Qu'on l'appelle le Leonardo de la rondelle sur la palette, le Maestro de la sortie de zone ou le génie de la p'tite-passe-à-la-ligne-bleue-en-avantage-numérique-pour-que-l'autre-fasse-un-slapshot-sur-réception, Andrei Markov reste un homme qui s'exprime avec beaucoup plus d'aisance à l'aide d'une puck et d'un bâton qu'avec des mots. Mais grâce à mon flair et à mon sens de la question qui tue, j'ai pu lui soutirer des révélations fracassantes.
Arrivé chez lui, il m'accueille avec un sourire qui a probablement battu le record Guinness du « sourire le plus neutre en émotion », mais aussi avec une sincère poignée de main. Nous nous sommes installés autour de la table à café du salon, près d'un feu de foyer et d'une plante dans le nom n'est pas important à savoir à ce stade-ci de votre vie.
Moi : Premièrement, bonjour Andrei et merci de m'accueillir dans le confort de ton foyer… ben chez vous, à côté de ton foyer.
Andrei : Hum.
Moi : Oui bon, première question. Quand as-tu su que t'étais né pour passer une rondelle?

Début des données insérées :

(* Let $\Theta_n^{(\eta)}$ and $\Theta_n^{(f)}$ be sets of real functions on the covariate space, where every $f\in\Theta_n^{(f)}$ satisfies $\|f\|_\infty\le N_n$ for a number $N_n>0$, and let $\Theta_n=\Theta_n^{(\eta)}\times\Theta_n^{(f)}$, whose elements $(\eta,f)$ are identified with the conditional densities $\mathcal{P}_{\eta,V}$, $V=e^f$. Then, for every $\epsilon>0$, $$\log N(3\epsilon,\Theta_n,d_n)\lesssim\log N(\epsilon/e^{N_n},\Theta_n^{(\eta)},\|\cdot\|_n)+\log N(\epsilon,\Theta_n^{(f)},\|\cdot\|_n),$$ where the constant implicit in $\lesssim$ does not depend on $\epsilon$ or $n$.
   Context: Let $Q$ be a probability measure on the covariate space $[0,1]^d$ (either the covariate distribution or the empirical measure of fixed design points). For functions $\eta$ and $V>0$ let $\mathcal{P}_{\eta,V}(y\mid x)=(2\pi V(x))^{-1/2}\exp(-(y-\eta(x))^2/(2V(x)))$, and let $d_n^2(\mathcal{P}_{\eta_1,V_1},\mathcal{P}_{\eta_2,V_2})=\int\!\!\int(\mathcal{P}_{\eta_1,V_1}^{1/2}-\mathcal{P}_{\eta_2,V_2}^{1/2})^2\,dy\,dQ(x)$. $\|\cdot\|_n$ denotes the norm of $L_2(Q)$ and $\|\cdot\|_\infty$ the supremum norm. $N(\epsilon,S,\rho)$ is the $\epsilon$-covering number of $S$ with respect to $\rho$ (minimal number of $\rho$-balls of radius $\epsilon$ covering $S$). *)

theory Defs
  imports "HOL-Probability.Probability" "HOL-Library.Extended_Nat"
begin

definition unit_cube :: "(real ^ 'd) set" where
  "unit_cube = {x. \<forall>i. 0 \<le> x $ i \<and> x $ i \<le> 1}"

definition gauss_dens :: "('x \<Rightarrow> real) \<Rightarrow> ('x \<Rightarrow> real) \<Rightarrow> 'x \<Rightarrow> real \<Rightarrow> real" where
  "gauss_dens \<eta> V x y = exp (- (y - \<eta> x)\<^sup>2 / (2 * V x)) / sqrt (2 * pi * V x)"

definition dn_sq :: "'x measure \<Rightarrow> (('x \<Rightarrow> real) \<times> ('x \<Rightarrow> real))
                    \<Rightarrow> (('x \<Rightarrow> real) \<times> ('x \<Rightarrow> real)) \<Rightarrow> ennreal" where
  "dn_sq Q p q =
     (\<integral>\<^sup>+ x. (\<integral>\<^sup>+ y. ennreal ((sqrt (gauss_dens (fst p) (\<lambda>z. exp (snd p z)) x y)
                               - sqrt (gauss_dens (fst q) (\<lambda>z. exp (snd q z)) x y))\<^sup>2) \<partial>lborel) \<partial>Q)"

definition L2_sq :: "'x measure \<Rightarrow> ('x \<Rightarrow> real) \<Rightarrow> ('x \<Rightarrow> real) \<Rightarrow> ennreal" where
  "L2_sq Q f g = (\<integral>\<^sup>+ x. ennreal ((f x - g x)\<^sup>2) \<partial>Q)"

text \<open>Covering number N(eps, S, rho) for a distance rho given through its square
  (closed balls of radius eps, centres in S); infinity if no finite cover exists.\<close>
definition covering_number :: "('a \<Rightarrow> 'a \<Rightarrow> ennreal) \<Rightarrow> real \<Rightarrow> 'a set \<Rightarrow> enat" where
  "covering_number dsq \<epsilon> S =
     (INF C \<in> {C. finite C \<and> C \<subseteq> S \<and> S \<subseteq> (\<Union>c\<in>C. {s. dsq c s \<le> ennreal (\<epsilon>\<^sup>2)})}.
        enat (card C))"

end

theory Submission
  imports Defs
begin

text \<open>
  The squared Hellinger distance between two normal densities has a closed form in terms of
  their Bhattacharyya coefficient. If the log-variances are bounded below by -N, it is at most
  e^N/4 (\<eta>1 - \<eta>2)^2 + (f1 - f2)^2/2 at every covariate, so integrating gives
  d_n^2 \<le> e^N/4 \<parallel>\<eta>1 - \<eta>2\<parallel>_n^2 + \<parallel>f1 - f2\<parallel>_n^2/2. Hence the product of an \<epsilon>/e^N-net of the
  means and an \<epsilon>-net of the log-variances is a 3\<epsilon>-net of \<Theta>_n, the covering numbers
  multiply, and the constant in the logarithmic bound is 1.
\<close>

lemma sqrt_exp: "sqrt (exp t) = exp (t / 2)"
  by (rule real_sqrt_unique) (simp_all add: power2_eq_square flip: exp_add)

lemma normal_density_sqrt_variance:
  assumes "p > 0"
  shows "normal_density a (sqrt p) y = exp (- (y - a)\<^sup>2 / (2 * p)) / sqrt (2 * pi * p)"
  using assms by (simp add: normal_density_def)

lemma gauss_dens_exp_eq_normal_density:
  "gauss_dens \<eta> (\<lambda>z. exp (f z)) x y = normal_density (\<eta> x) (sqrt (exp (f x))) y"
  by (simp add: gauss_dens_def normal_density_def)

text \<open>The Bhattacharyya coefficient of normal densities with means a, b and variances
  p, q; see sqrt_normal_density_mult.\<close>
definition gauss_affinity :: "real \<Rightarrow> real \<Rightarrow> real \<Rightarrow> real \<Rightarrow> real" where
  "gauss_affinity a b p q = sqrt (2 * sqrt (p * q) / (p + q)) * exp (- (a - b)\<^sup>2 / (4 * (p + q)))"

lemma gauss_exponent_split:
  fixes p q a b y :: real
  assumes "p > 0" "q > 0"
  shows "- (y - a)\<^sup>2 / (2 * p) / 2 + - (y - b)\<^sup>2 / (2 * q) / 2
       = - (a - b)\<^sup>2 / (4 * (p + q)) + - (y - (a * q + b * p) / (p + q))\<^sup>2 / (2 * (2 * p * q / (p + q)))"
proof -
  define D where "D = 4 * p * q * (p + q)"
  define Z where "Z = (y - a) * q + (y - b) * p"
  have pq: "p + q \<noteq> 0" using assms by simp
  have over_D: "u / v = u * (D / v) / D" if "v \<noteq> 0" for u v
    using that assms pq by (simp add: D_def)
  have eq: "y - (a * q + b * p) / (p + q) = Z / (p + q)" using pq by (simp add: Z_def field_simps)
  have den: "(p + q)\<^sup>2 * (2 * (2 * p * q / (p + q))) = D"
    using pq by (simp add: D_def power2_eq_square field_simps)
  have centre_term: "- (y - (a * q + b * p) / (p + q))\<^sup>2 / (2 * (2 * p * q / (p + q))) = - Z\<^sup>2 / D"
    unfolding eq power_divide divide_divide_eq_left den minus_divide_left ..
  have a_term: "- (y - a)\<^sup>2 / (2 * p) / 2 = - (y - a)\<^sup>2 * (q * (p + q)) / D"
    using assms by (subst over_D) (simp_all add: D_def)
  have b_term: "- (y - b)\<^sup>2 / (2 * q) / 2 = - (y - b)\<^sup>2 * (p * (p + q)) / D"
    using assms by (subst over_D) (simp_all add: D_def)
  have gap_term: "- (a - b)\<^sup>2 / (4 * (p + q)) = - (a - b)\<^sup>2 * (p * q) / D"
    using assms pq by (subst over_D) (simp_all add: D_def)
  have numerators: "- (y - a)\<^sup>2 * (q * (p + q)) + - (y - b)\<^sup>2 * (p * (p + q)) = - (a - b)\<^sup>2 * (p * q) + - Z\<^sup>2"
    by (simp add: Z_def power2_eq_square algebra_simps)
  show ?thesis unfolding a_term b_term gap_term centre_term add_divide_distrib[symmetric] numerators ..
qed

lemma gauss_prefactor:
  fixes p q :: real
  assumes "p > 0" "q > 0"
  shows "sqrt (2 * sqrt (p * q) / (p + q)) / sqrt (2 * pi * (2 * p * q / (p + q)))
       = 1 / (sqrt (sqrt (2 * pi * p)) * sqrt (sqrt (2 * pi * q)))"
proof -
  have "sqrt (2 * pi * p) * sqrt (2 * pi * q) = sqrt ((2 * pi)\<^sup>2 * (p * q))"
    by (simp add: power2_eq_square mult_ac flip: real_sqrt_mult)
  also have "\<dots> = 2 * pi * sqrt (p * q)" by (simp add: real_sqrt_mult)
  finally have denom: "sqrt (sqrt (2 * pi * p)) * sqrt (sqrt (2 * pi * q)) = sqrt (2 * pi * sqrt (p * q))"
    by (simp flip: real_sqrt_mult)
  have ratio: "2 * sqrt (p * q) / (p + q) / (2 * pi * (2 * p * q / (p + q))) = 1 / (2 * pi * sqrt (p * q))"
  proof -
    have "sqrt (p * q) > 0" "p * q = sqrt (p * q) * sqrt (p * q)" using assms by simp_all
    then obtain s where s: "s > 0" "sqrt (p * q) = s" "p * q = s * s" by blast
    have pq: "2 * p * q / (p + q) = 2 * (s * s) / (p + q)" by (simp add: s(3) mult.assoc)
    have "2 * s / P / (2 * pi * (2 * (s * s) / P)) = 1 / (2 * pi * s)" if "P > 0" for P
      using that s(1) pi_gt_zero by (simp add: field_simps)
    then show ?thesis unfolding s(2) pq using assms by simp
  qed
  have "sqrt (2 * sqrt (p * q) / (p + q)) / sqrt (2 * pi * (2 * p * q / (p + q)))
      = sqrt (2 * sqrt (p * q) / (p + q) / (2 * pi * (2 * p * q / (p + q))))"
    by (simp add: real_sqrt_divide)
  also have "\<dots> = 1 / sqrt (2 * pi * sqrt (p * q))" unfolding ratio by (simp add: real_sqrt_divide)
  finally show ?thesis by (simp only: denom)
qed

lemma sqrt_normal_density_mult:
  fixes a b p q y :: real
  assumes "p > 0" "q > 0"
  shows "sqrt (normal_density a (sqrt p) y) * sqrt (normal_density b (sqrt q) y)
       = gauss_affinity a b p q * normal_density ((a * q + b * p) / (p + q)) (sqrt (2 * p * q / (p + q))) y"
proof -
  have s: "2 * p * q / (p + q) > 0" using assms by simp
  have "sqrt (normal_density a (sqrt p) y) * sqrt (normal_density b (sqrt q) y)
      = exp (- (y - a)\<^sup>2 / (2 * p) / 2) * exp (- (y - b)\<^sup>2 / (2 * q) / 2)
        / (sqrt (sqrt (2 * pi * p)) * sqrt (sqrt (2 * pi * q)))"
    using assms by (simp add: normal_density_sqrt_variance real_sqrt_divide sqrt_exp)
  also have "\<dots> = exp (- (y - a)\<^sup>2 / (2 * p) / 2 + - (y - b)\<^sup>2 / (2 * q) / 2)
        * (1 / (sqrt (sqrt (2 * pi * p)) * sqrt (sqrt (2 * pi * q))))"
    by (simp only: exp_add) simp
  also have "\<dots> = exp (- (a - b)\<^sup>2 / (4 * (p + q)))
        * exp (- (y - (a * q + b * p) / (p + q))\<^sup>2 / (2 * (2 * p * q / (p + q))))
        * (sqrt (2 * sqrt (p * q) / (p + q)) / sqrt (2 * pi * (2 * p * q / (p + q))))"
    by (simp only: gauss_exponent_split[OF assms] gauss_prefactor[OF assms] exp_add)
  also have "\<dots> = gauss_affinity a b p q * normal_density ((a * q + b * p) / (p + q)) (sqrt (2 * p * q / (p + q))) y"
    unfolding gauss_affinity_def normal_density_def using s by (simp add: mult_ac)
  finally show ?thesis .
qed

lemma nn_integral_hellinger_normal_density:
  fixes a b p q :: real
  assumes "p > 0" "q > 0"
  shows "(\<integral>\<^sup>+ y. ennreal ((sqrt (normal_density a (sqrt p) y) - sqrt (normal_density b (sqrt q) y))\<^sup>2) \<partial>lborel)
       = ennreal (2 - 2 * gauss_affinity a b p q)"
proof -
  define m where "m = (a * q + b * p) / (p + q)"
  define s where "s = sqrt (2 * p * q / (p + q))"
  have pos: "sqrt p > 0" "sqrt q > 0" "s > 0" using assms by (simp_all add: s_def)
  define F where "F y = normal_density a (sqrt p) y + normal_density b (sqrt q) y
                        - 2 * gauss_affinity a b p q * normal_density m s y" for y
  have F: "(sqrt (normal_density a (sqrt p) y) - sqrt (normal_density b (sqrt q) y))\<^sup>2 = F y" for y
  proof -
    have "(sqrt (normal_density a (sqrt p) y) - sqrt (normal_density b (sqrt q) y))\<^sup>2
        = normal_density a (sqrt p) y + normal_density b (sqrt q) y
          - 2 * (sqrt (normal_density a (sqrt p) y) * sqrt (normal_density b (sqrt q) y))"
      by (simp add: power2_diff mult.assoc)
    then show ?thesis by (simp add: F_def m_def s_def sqrt_normal_density_mult[OF assms] mult.assoc)
  qed
  have "(\<integral>\<^sup>+ y. ennreal ((sqrt (normal_density a (sqrt p) y) - sqrt (normal_density b (sqrt q) y))\<^sup>2) \<partial>lborel)
      = (\<integral>\<^sup>+ y. ennreal (F y) \<partial>lborel)"
    by (simp only: F)
  also have "\<dots> = ennreal (\<integral> y. F y \<partial>lborel)"
  proof (rule nn_integral_eq_integral)
    show "integrable lborel F" using pos by (simp add: F_def[abs_def])
    show "AE y in lborel. 0 \<le> F y" by (simp flip: F)
  qed
  also have "(\<integral> y. F y \<partial>lborel) = 2 - 2 * gauss_affinity a b p q"
    using pos by (simp add: F_def)
  finally show ?thesis .
qed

Andrei : J'ai commencé par passer des journaux. Pis après sont venues les rondelles.
Moi : Ah et d'après toi, y'a un rapport.
Andrei : Oui.
Moi : … Ah, ben c'est bon. Quel genre d'enfants étais-tu? Faisais-tu des mauvais coups?
Andrei : Des milliers. D'ailleurs, je retiens ta femme en otage en ce moment.
Moi : Hahahaha!
Andrei : …
Moi : C'est une blague, non?
Andrei : J'ai été un enfant tranquille. J'avais des bonnes notes. Je prêtais mes jouets.
Moi : OK, mais pour ma femme, là?
Andrei : Avez-vous une autre question?
Moi : …Euh, oui. Aviez-vous beaucoup d'amis étant enfant?
Andrei : Non.
Moi : Pourquoi selon vous?
Andrei : J'aimais pas la vodka.
Moi : …OK. Dites-moi Andrei, vous avez vécu un traumatisme étant enfant, n'est-ce pas?
Dans un effort quasi surhumain, Andrei fronce les sourcils. J'entends la peau de son front craquer.
Andrei : Qui vous a dit ça? (La sueur perle soudainement sur son front).
Moi : Un de mes informateurs en Russie, appelons-le Ivan Drago.
Andrei : Pourquoi voulez-vous savoir ça? (sa jambe shake)
Moi : Ben pour plusieurs raisons. Pour commencer, ça expliquerait votre côté débordant de joie de vivre. Pis en plus, j'aurais un méga scoop, ce qui aiderait grandement ma carrière.
Andrei penche la tête vers le sol et fixe ses pieds.
Andrei : Je ne peux pas vous le dire. Si jamais cela vient aux oreilles de Réjean Tremblay, il va écrire une autre saison de Lance et compte. Personne ne veut ça.
Moi : Ne vous inquiétez pas. Réjean n'aura jamais la modestie de lire l'article d'un pseudojournaliste qui gagne 100 fois moins que lui.
Le grand numéro 79 se recale dans son fauteuil. Son regard se remplit d'eau. Il semble sur le bord de craquer.
Andrei : J'ai vu mon chat mourir devant mes yeux. Il s'appelait « Le fou ». C'était mon père qui lui avait donné le nom. Il aimait beaucoup les échecs. Un jour que je revenais de l'école, mon chat est descendu dans la rue pour venir me voir. J'aimais ce chat. Beaucoup. Je me suis accroupi, j'ai ouvert les bras et j'ai attendu qu'il me saute dessus. Il s'est mis à courir. Je n'avais pas vu du coin de l'œil le camion de vidange qui s'en venait. Il lui a roulé dessus. Depuis ce jour, je m'en veux.
Moi : Pourquoi? Ce n'est pourtant pas de ta faute.
Andrei : Si, ce l'est. Si je ne lui avais pas montré que je m'étais ennuyé de lui, il n'aurait pas couru et nous aurions vécu beaucoup de beaux moments ensemble. C'est pourquoi je ne montre aucune émotion, jamais. Pour éviter qu'un autre être cher ne meure par ma faute. Et depuis le début de ma carrière, chaque fois que je fais une passe en diagonale en travers de l'enclave, c'est comme pour lui rendre hommage. C'est comme si je recréais la diagonale du fou dans un jeu d'échecs.
Il fondit en larme. De mon côté, je ne savais pas du tout comment réagir, donc je l'ai serré dans mes bras. Nous sommes restés ainsi quelques minutes. Puis, il s'est éloigné et a pris le téléphone.
Andrei : Allô, Sergeï? Oui, tu peux relâcher sa femme.